Latent Space: The AI Engineer Podcast•December 18, 2025

SAM 3: The Eyes for AI — Nikhila & Pengchuan (Meta Superintelligence), ft. Joseph Nelson (Roboflow)

Meta researchers unveil SAM 3, a groundbreaking computer vision model that can detect, segment, and track objects across images and videos using natural language prompts, significantly advancing visual understanding with a unified architecture capable of handling multiple tasks with unprecedented accuracy and speed.

AI & Machine Learning

0:00/0:00

Timestamps are as accurate as they can be but may be slightly off. We encourage you to listen to the full context.

0:00/0:00

Podcast Summary

In this comprehensive episode, the Meta AI team reveals SAM 3, their groundbreaking unified model for concept-prompted segmentation, detection, and tracking across both images and videos. (01:22) Unlike previous SAM versions, SAM 3 enables users to find all instances of objects using natural language prompts like "yellow school bus" or "watering can," eliminating the need to manually click on each instance. The model achieves remarkable real-time performance - 30ms per image with 100 detected objects on H200 GPUs, and scales to real-time video processing through parallel inference across multiple GPUs. (10:00) The episode covers the revolutionary data engine that reduced annotation time from 2 minutes to 25 seconds per image using AI verifiers, the new SACO benchmark with 200,000+ unique concepts, and how SAM 3 integrates with multimodal LLMs to solve complex visual reasoning tasks.

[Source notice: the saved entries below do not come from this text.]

lemma integrable_kexp_Q: "integrable M (\<lambda>\<omega>. kexp k (Q \<omega>) (Q \<omega>))"
proof (rule Bochner_Integration.integrable_bound[OF integrable_integral_diag])
  have "(\<lambda>\<omega>. Q \<omega> \<Otimes>\<^sub>M Q \<omega>) \<in> M \<rightarrow>\<^sub>M subprob_algebra (L \<Otimes>\<^sub>M L)"
    by (rule measurable_pair_measure[OF measurable_Q measurable_Q])
  from measurable_compose[OF this integral_measurable_subprob_algebra[OF measurable_k]]
  show "(\<lambda>\<omega>. kexp k (Q \<omega>) (Q \<omega>)) \<in> borel_measurable M"
    by (simp add: kexp_def case_prod_beta')
  show "AE \<omega> in M. norm (kexp k (Q \<omega>) (Q \<omega>)) \<le> norm (\<integral>y. k y y \<partial>Q \<omega>)"
  proof (rule AE_I2)
    fix \<omega> assume \<omega>: "\<omega> \<in> space M"
    have "\<bar>kexp k (Q \<omega>) (Q \<omega>)\<bar> \<le> (\<integral>y. k y y \<partial>Q \<omega>)"
      using abs_kexp_le[OF pd measurable_k prob_space_Q sets_Q integrable_diag_Q
          prob_space_Q sets_Q integrable_diag_Q, OF \<omega> \<omega> \<omega> \<omega> \<omega> \<omega>] by simp
    then show "norm (kexp k (Q \<omega>) (Q \<omega>)) \<le> norm (\<integral>y. k y y \<partial>Q \<omega>)" by simp
  qed
qed

lemma
  shows integrable_kexp_mixture_Q: "integrable M (\<lambda>\<omega>. kexp k (M \<bind> Q) (Q \<omega>))"
    and integral_kexp_mixture_Q: "(\<integral>\<omega>. kexp k (M \<bind> Q) (Q \<omega>) \<partial>M) = kexp k (M \<bind> Q) (M \<bind> Q)"
proof -
  let ?P = "M \<bind> Q"
  interpret P: prob_space ?P by (rule prob_space_mixture)
  define g where "g = (\<lambda>q. \<integral>p. k p q \<partial>?P)"
  define h where "h = (\<lambda>q. ((\<integral>p. k p p \<partial>?P) + k q q) / 2)"
  have "(\<lambda>(q, p). k p q) \<in> borel_measurable (L \<Otimes>\<^sub>M ?P)"
    using measurable_compose[OF measurable_Pair[OF measurable_snd measurable_fst] measurable_k]
      sets_pair_measure_cong[OF refl sets_mixture, of L]
    by (simp add: case_prod_beta' cong: measurable_cong_sets)
  then have g: "g \<in> borel_measurable L"
    unfolding g_def using P.borel_measurable_lebesgue_integral[of "\<lambda>q p. k p q" L] by simp
  have h: "h \<in> borel_measurable L"
    unfolding h_def using borel_measurable_kernel_diag[OF measurable_k] by simp
  have g_le_h: "\<bar>g q\<bar> \<le> h q" if "q \<in> space L" for q
    unfolding g_def h_def
    by (rule abs_integral_kernel_section_le[OF pd measurable_k prob_space_mixture sets_mixture
          integrable_diag_mixture that])
  have h_Q: "integrable (Q \<omega>) h" if "\<omega> \<in> space M" for \<omega>
  proof -
    interpret Q: prob_space "Q \<omega>" by (rule prob_space_Q[OF that])
    show ?thesis using integrable_diag_Q[OF that] by (simp add: h_def)
  qed
  have h_mixture: "integrable ?P h"
    using integrable_diag_mixture by (simp add: h_def)
  note dominated = integrable_integral_bind[OF not_empty measurable_Q g h g_le_h h_Q h_mixture]
    integral_bind_dominated[OF not_empty measurable_Q g h g_le_h h_Q h_mixture]
  have kexp_Q: "kexp k ?P (Q \<omega>) = (\<integral>q. g q \<partial>Q \<omega>)" if "\<omega> \<in> space M" for \<omega>
    unfolding g_def by (rule kexp_iterated[OF pd measurable_k prob_space_mixture sets_mixture
          integrable_diag_mixture prob_space_Q sets_Q integrable_diag_Q, OF that that that])
  show "integrable M (\<lambda>\<omega>. kexp k ?P (Q \<omega>))"
    using dominated(1) kexp_Q by (simp cong: Bochner_Integration.integrable_cong)
  have "(\<integral>\<omega>. kexp k ?P (Q \<omega>) \<partial>M) = (\<integral>\<omega>. (\<integral>q. g q \<partial>Q \<omega>) \<partial>M)"
    using kexp_Q by (simp cong: Bochner_Integration.integral_cong)
  also have "\<dots> = (\<integral>q. g q \<partial>?P)"
    by (rule dominated(2)[symmetric])
  also have "\<dots> = kexp k ?P ?P"
    unfolding g_def by (rule kexp_iterated[OF pd measurable_k prob_space_mixture sets_mixture
          integrable_diag_mixture prob_space_mixture sets_mixture integrable_diag_mixture, symmetric])
  finally show "(\<integral>\<omega>. kexp k ?P (Q \<omega>) \<partial>M) = kexp k ?P ?P" .
qed

lemma integral_kernel_variance:
  "(\<integral>\<omega>. (\<integral>y. k y y \<partial>Q \<omega>) - kexp k (Q \<omega>) (Q \<omega>) \<partial>M)
    = (\<integral>y. k y y \<partial>(M \<bind> Q)) - (\<integral>\<omega>. kexp k (Q \<omega>) (Q \<omega>) \<partial>M)"
  using integrable_integral_diag integrable_kexp_Q integral_integral_diag by simp

lemma integral_mmd2_mixture_Q:
  "(\<integral>\<omega>. mmd2 k (M \<bind> Q) (Q \<omega>) \<partial>M)
    = (\<integral>\<omega>. kexp k (Q \<omega>) (Q \<omega>) \<partial>M) - kexp k (M \<bind> Q) (M \<bind> Q)"
  using integrable_kexp_mixture_Q integral_kexp_mixture_Q integrable_kexp_Q
  by (simp add: mmd2_def prob_space)

end


lemma distr_eq_bind_cond_law:
  assumes M: "prob_space M" and Y: "Y \<in> M \<rightarrow>\<^sub>M L" and Z: "Z \<in> M \<rightarrow>\<^sub>M Nz"
    and cond_law: "is_cond_law M Nz Z L Y \<kappa>"
  shows "distr M L Y = M \<bind> (\<lambda>\<omega>. \<kappa> (Z \<omega>))"
proof -
  interpret prob_space M by fact
  have Q: "(\<lambda>\<omega>. \<kappa> (Z \<omega>)) \<in> M \<rightarrow>\<^sub>M subprob_algebra L"
    using measurable_compose[OF Z] cond_law unfolding is_cond_law_def by blast
  have prob_Q: "prob_space (\<kappa> (Z \<omega>))" if "\<omega> \<in> space M" for \<omega>
    using cond_law measurable_space[OF Z that] unfolding is_cond_law_def by blast
  interpret D: prob_space "distr M L Y" by (rule prob_space_distr[OF Y])
  interpret B: prob_space "M \<bind> (\<lambda>\<omega>. \<kappa> (Z \<omega>))"
    by (rule prob_space_bind[OF AE_I2[OF prob_Q] Q])
  show ?thesis
  proof (rule measure_eqI)
    show "sets (distr M L Y) = sets (M \<bind> (\<lambda>\<omega>. \<kappa> (Z \<omega>)))"
      by (simp add: sets_bind_measurable[OF Q not_empty])
    fix T assume "T \<in> sets (distr M L Y)"
    then have T: "T \<in> sets L" by simp
    have "measure (distr M L Y) T = measure M {\<omega>\<in>space M. Z \<omega> \<in> space Nz \<and> Y \<omega> \<in> T}"
      using measurable_space[OF Z]
      by (auto simp: measure_distr[OF Y T] intro!: arg_cong[where f="measure M"])
    also have "\<dots> = (\<integral>\<omega>. indicator (space Nz) (Z \<omega>) * measure (\<kappa> (Z \<omega>)) T \<partial>M)"
      using cond_law T unfolding is_cond_law_def by blast
    also have "\<dots> = (\<integral>\<omega>. measure (\<kappa> (Z \<omega>)) T \<partial>M)"
      using measurable_space[OF Z] by (intro Bochner_Integration.integral_cong) auto
    also have "\<dots> = measure (M \<bind> (\<lambda>\<omega>. \<kappa> (Z \<omega>))) T"
      by (rule measure_bind[symmetric, OF Q T])
    finally show "emeasure (distr M L Y) T = emeasure (M \<bind> (\<lambda>\<omega>. \<kappa> (Z \<omega>))) T"
      by (simp add: D.emeasure_eq_measure B.emeasure_eq_measure)
  qed
qed

lemma distr_eq_cond_law_const:
  assumes M: "prob_space M" and Y: "Y \<in> M \<rightarrow>\<^sub>M L" and z: "z \<in> space Nz"
    and cond_law: "is_cond_law M Nz (\<lambda>_. z) L Y \<kappa>"
  shows "distr M L Y = \<kappa> z"
proof -
  have "subprob_space (\<kappa> z)"
    using cond_law z unfolding is_cond_law_def by (auto intro: prob_space_imp_subprob_space)
  then show ?thesis
    using distr_eq_bind_cond_law[OF M Y measurable_const[OF z] cond_law] bind_const'[OF M] by simp
qed

lemma kernel_mixture_cond_law:
  assumes M: "prob_space M" and Y: "Y \<in> M \<rightarrow>\<^sub>M L" and Z: "Z \<in> M \<rightarrow>\<^sub>M Nz"
    and cond_law: "is_cond_law M Nz Z L Y \<kappa>"
    and diag_\<kappa>: "\<And>z. z \<in> space Nz \<Longrightarrow> integrable (\<kappa> z) (\<lambda>y. k y y)"
    and diag_Y: "integrable (distr M L Y) (\<lambda>y. k y y)"
    and pd: "pd_kernel k" and k: "case_prod k \<in> borel_measurable (L \<Otimes>\<^sub>M L)"
  shows "kernel_mixture M L k (\<lambda>\<omega>. \<kappa> (Z \<omega>))"
proof (intro kernel_mixture.intro kernel_mixture_axioms.intro)
  show "(\<lambda>\<omega>. \<kappa> (Z \<omega>)) \<in> M \<rightarrow>\<^sub>M subprob_algebra L"
    using measurable_compose[OF Z] cond_law unfolding is_cond_law_def by blast
  show "prob_space (\<kappa> (Z \<omega>))" "integrable (\<kappa> (Z \<omega>)) (\<lambda>y. k y y)" if "\<omega> \<in> space M" for \<omega>
    using cond_law diag_\<kappa> measurable_space[OF Z that] unfolding is_cond_law_def by blast+
  show "integrable (M \<bind> (\<lambda>\<omega>. \<kappa> (Z \<omega>))) (\<lambda>y. k y y)"
    using diag_Y distr_eq_bind_cond_law[OF M Y Z cond_law] by simp
qed (use M pd k in simp_all)

lemma measurable_subvec:
  assumes "\<And>i. i \<in> A \<Longrightarrow> X i \<in> M \<rightarrow>\<^sub>M N i"
  shows "subvec X A \<in> M \<rightarrow>\<^sub>M (\<Pi>\<^sub>M i\<in>A. N i)"
  unfolding subvec_def using assms by (rule measurable_restrict)

lemma shapley_dual:
  assumes l: "l \<in> {1..d}" and dual: "\<And>A. A \<subseteq> {1..d} \<Longrightarrow> w A = c - v ({1..d} - A)"
  shows "shapley d w l = shapley d v l"
proof -
  define S where "S = {1..d} - {l}"
  have "finite S" and card_S: "card S = d - 1" using l by (auto simp: S_def)
  have "bij_betw (\<lambda>A. S - A) (Pow S) (Pow S)"
    by (rule bij_betwI[where g="\<lambda>A. S - A"]) auto
  then have "(\<Sum>A\<in>Pow S. (w (insert l A) - w A) / real ((d - 1) choose card A))
      = (\<Sum>A\<in>Pow S. (w (insert l (S - A)) - w (S - A)) / real ((d - 1) choose card (S - A)))"
    by (rule sum.reindex_bij_betw[symmetric])
  also have "\<dots> = (\<Sum>A\<in>Pow S. (v (insert l A) - v A) / real ((d - 1) choose card A))"
  proof (rule sum.cong[OF refl])
    fix A assume "A \<in> Pow S"
    then have A: "A \<subseteq> S" by simp
    have "card (S - A) = d - 1 - card A" and "card A \<le> d - 1"
      using card_Diff_subset[OF finite_subset[OF A \<open>finite S\<close>] A] card_mono[OF \<open>finite S\<close> A] card_S
      by simp_all
    then have "(d - 1) choose card (S - A) = (d - 1) choose card A"
      using binomial_symmetric by simp
    moreover have "{1..d} - insert l (S - A) = A" "{1..d} - (S - A) = insert l A"
      using A l by (auto simp: S_def)
    moreover have "insert l (S - A) \<subseteq> {1..d}" "S - A \<subseteq> {1..d}"
      using l by (auto simp: S_def)
    ultimately show "(w (insert l (S - A)) - w (S - A)) / real ((d - 1) choose card (S - A))
        = (v (insert l A) - v A) / real ((d - 1) choose card A)"
      by (simp add: dual)
  qed
  finally show ?thesis unfolding shapley_def S_def by simp
qed

theorem mainTheorem9:
  fixes M :: "'a measure" and d :: nat
    and N :: "nat \<Rightarrow> 'x measure" and X :: "nat \<Rightarrow> 'a \<Rightarrow> 'x"
    and L :: "'y measure" and \<eta> :: "(nat \<Rightarrow> 'x) \<Rightarrow> 'y" and Y :: "'a \<Rightarrow> 'y"
    and k :: "'y \<Rightarrow> 'y \<Rightarrow> real"
    and \<kappa> :: "nat set \<Rightarrow> (nat \<Rightarrow> 'x) \<Rightarrow> 'y measure"
    and l :: nat
  assumes "prob_space M"
    and "\<And>i. i \<in> {1..d} \<Longrightarrow> X i \<in> measurable M (N i)"
    and "\<eta> \<in> measurable (\<Pi>\<^sub>M i\<in>{1..d}. N i) L"
    and "Y = (\<lambda>\<omega>. \<eta> (subvec X {1..d} \<omega>))"
    and "pd_kernel k"
    and "case_prod k \<in> borel_measurable (L \<Otimes>\<^sub>M L)"
    and "\<And>A. A \<subseteq> {1..d} \<Longrightarrow>
           is_cond_law M (\<Pi>\<^sub>M i\<in>A. N i) (subvec X A) L Y (\<kappa> A)"
    and "\<And>A x. A \<subseteq> {1..d} \<Longrightarrow> x \<in> space (\<Pi>\<^sub>M i\<in>A. N i) \<Longrightarrow>
           integrable (\<kappa> A x) (\<lambda>y. k y y)"
    and "mmd2_tot M L Y k > 0"
    and "l \<in> {1..d}"
  shows "shapley d
           (\<lambda>A. (\<integral>\<omega>. (\<integral>\<xi>. k \<xi> \<xi> \<partial>(\<kappa> ({1..d} - A) (subvec X ({1..d} - A) \<omega>)))
                       - kexp k (\<kappa> ({1..d} - A) (subvec X ({1..d} - A) \<omega>))
                                (\<kappa> ({1..d} - A) (subvec X ({1..d} - A) \<omega>)) \<partial>M)
                 / mmd2_tot M L Y k) l
       = shapley d
           (\<lambda>A. (\<integral>\<omega>. mmd2 k (distr M L Y) (\<kappa> A (subvec X A \<omega>)) \<partial>M)
                 / mmd2_tot M L Y k) l"
proof -
  interpret prob_space M by (rule assms(1))
  have subvec: "subvec X B \<in> M \<rightarrow>\<^sub>M (\<Pi>\<^sub>M i\<in>B. N i)" if "B \<subseteq> {1..d}" for B
    using assms(2) that by (intro measurable_subvec) auto
  have Y: "Y \<in> M \<rightarrow>\<^sub>M L"
    unfolding assms(4) by (rule measurable_compose[OF subvec assms(3)]) simp
  \<comment> \<open>The empty subvector is constant, so its conditional law is the law of Y.\<close>
  have "subvec X {} = (\<lambda>_ _. undefined)"
    by (simp add: subvec_def fun_eq_iff)
  then have "is_cond_law M (\<Pi>\<^sub>M i\<in>{}. N i) (\<lambda>_ _. undefined) L Y (\<kappa> {})"
    using assms(7)[of "{}"] by simp
  then have "distr M L Y = \<kappa> {} (\<lambda>_. undefined)"
    by (rule distr_eq_cond_law_const[OF assms(1) Y, rotated]) (simp add: space_PiM_empty)
  then have diag_Y: "integrable (distr M L Y) (\<lambda>y. k y y)"
    using assms(8)[of "{}"] by (simp add: space_PiM_empty)
  define E where "E = (\<integral>y. k y y \<partial>distr M L Y)"
  define K where "K = kexp k (distr M L Y) (distr M L Y)"
  define b where "b B = (\<integral>\<omega>. kexp k (\<kappa> B (subvec X B \<omega>)) (\<kappa> B (subvec X B \<omega>)) \<partial>M)" for B
  have mixture: "kernel_mixture M L k (\<lambda>\<omega>. \<kappa> B (subvec X B \<omega>))"
    and distr_eq: "distr M L Y = M \<bind> (\<lambda>\<omega>. \<kappa> B (subvec X B \<omega>))" if "B \<subseteq> {1..d}" for B
    using kernel_mixture_cond_law[OF assms(1) Y subvec[OF that] assms(7)[OF that]
        assms(8)[OF that] diag_Y assms(5,6)]
      distr_eq_bind_cond_law[OF assms(1) Y subvec[OF that] assms(7)[OF that]] by auto
  have variance: "(\<integral>\<omega>. (\<integral>\<xi>. k \<xi> \<xi> \<partial>(\<kappa> B (subvec X B \<omega>)))
        - kexp k (\<kappa> B (subvec X B \<omega>)) (\<kappa> B (subvec X B \<omega>)) \<partial>M) = E - b B"
    and mmd2: "(\<integral>\<omega>. mmd2 k (distr M L Y) (\<kappa> B (subvec X B \<omega>)) \<partial>M) = b B - K"
    if "B \<subseteq> {1..d}" for B
    using kernel_mixture.integral_kernel_variance[OF mixture[OF that]]
      kernel_mixture.integral_mmd2_mixture_Q[OF mixture[OF that]]
    by (simp_all add: E_def K_def b_def distr_eq[OF that])
  show ?thesis
    by (rule shapley_dual[OF assms(10), where c = "(E - K) / mmd2_tot M L Y k"])
      (simp add: variance mmd2 Diff_Diff_Int Int_absorb1 diff_divide_distrib)
qed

Core Themes: The episode focuses on concept-based segmentation, automated data annotation pipelines, real-time AI performance, and the convergence of computer vision with large language models for enhanced visual understanding.

Speakers

Nikhila Ravi

Lead researcher at Meta's FAIR team and head of the Segment Anything Model (SAM) project for nearly four years. She has been at Meta for eight and a half years, witnessing the evolution of computer vision firsthand, and has overseen the development of SAM 1, SAM 2, and now SAM 3 across this transformative period in AI.

Pengchuan Zhang

Computer vision researcher at Meta's SAM team with nine years of experience in the field since 2017. He previously worked at Microsoft Research for five years and Meta Reality Labs on egocentric foundation models before joining the SAM team in 2023, contributing significantly to achieving human-level performance in detection, segmentation, and tracking.

Joseph Nelson

Co-founder and CEO of Roboflow, a platform focused on making computer vision accessible to millions of developers and Fortune 100 companies. Under his leadership, Roboflow has become one of the largest hosted instances of SAM models, facilitating over 106 million smart polygon creations and saving an estimated 130+ years of human labeling time across diverse applications from cancer research to autonomous vehicles.

Key Takeaways

Concept Prompts Revolutionize Visual AI Interaction

SAM 3 introduces "concept prompts" - short text phrases like "purple umbrella" or "watering can" that can find all instances of an object category without manual clicking on each instance. (06:00) This represents a fundamental shift from the interactive segmentation approach of previous SAM versions. The model focuses on atomic visual concepts rather than open-ended text input, ensuring reliable performance across diverse scenarios. Users can still refine prompts using visual exemplars like clicks or boxes when the model misses instances, creating a hybrid approach that combines the efficiency of text prompts with the precision of manual correction when needed.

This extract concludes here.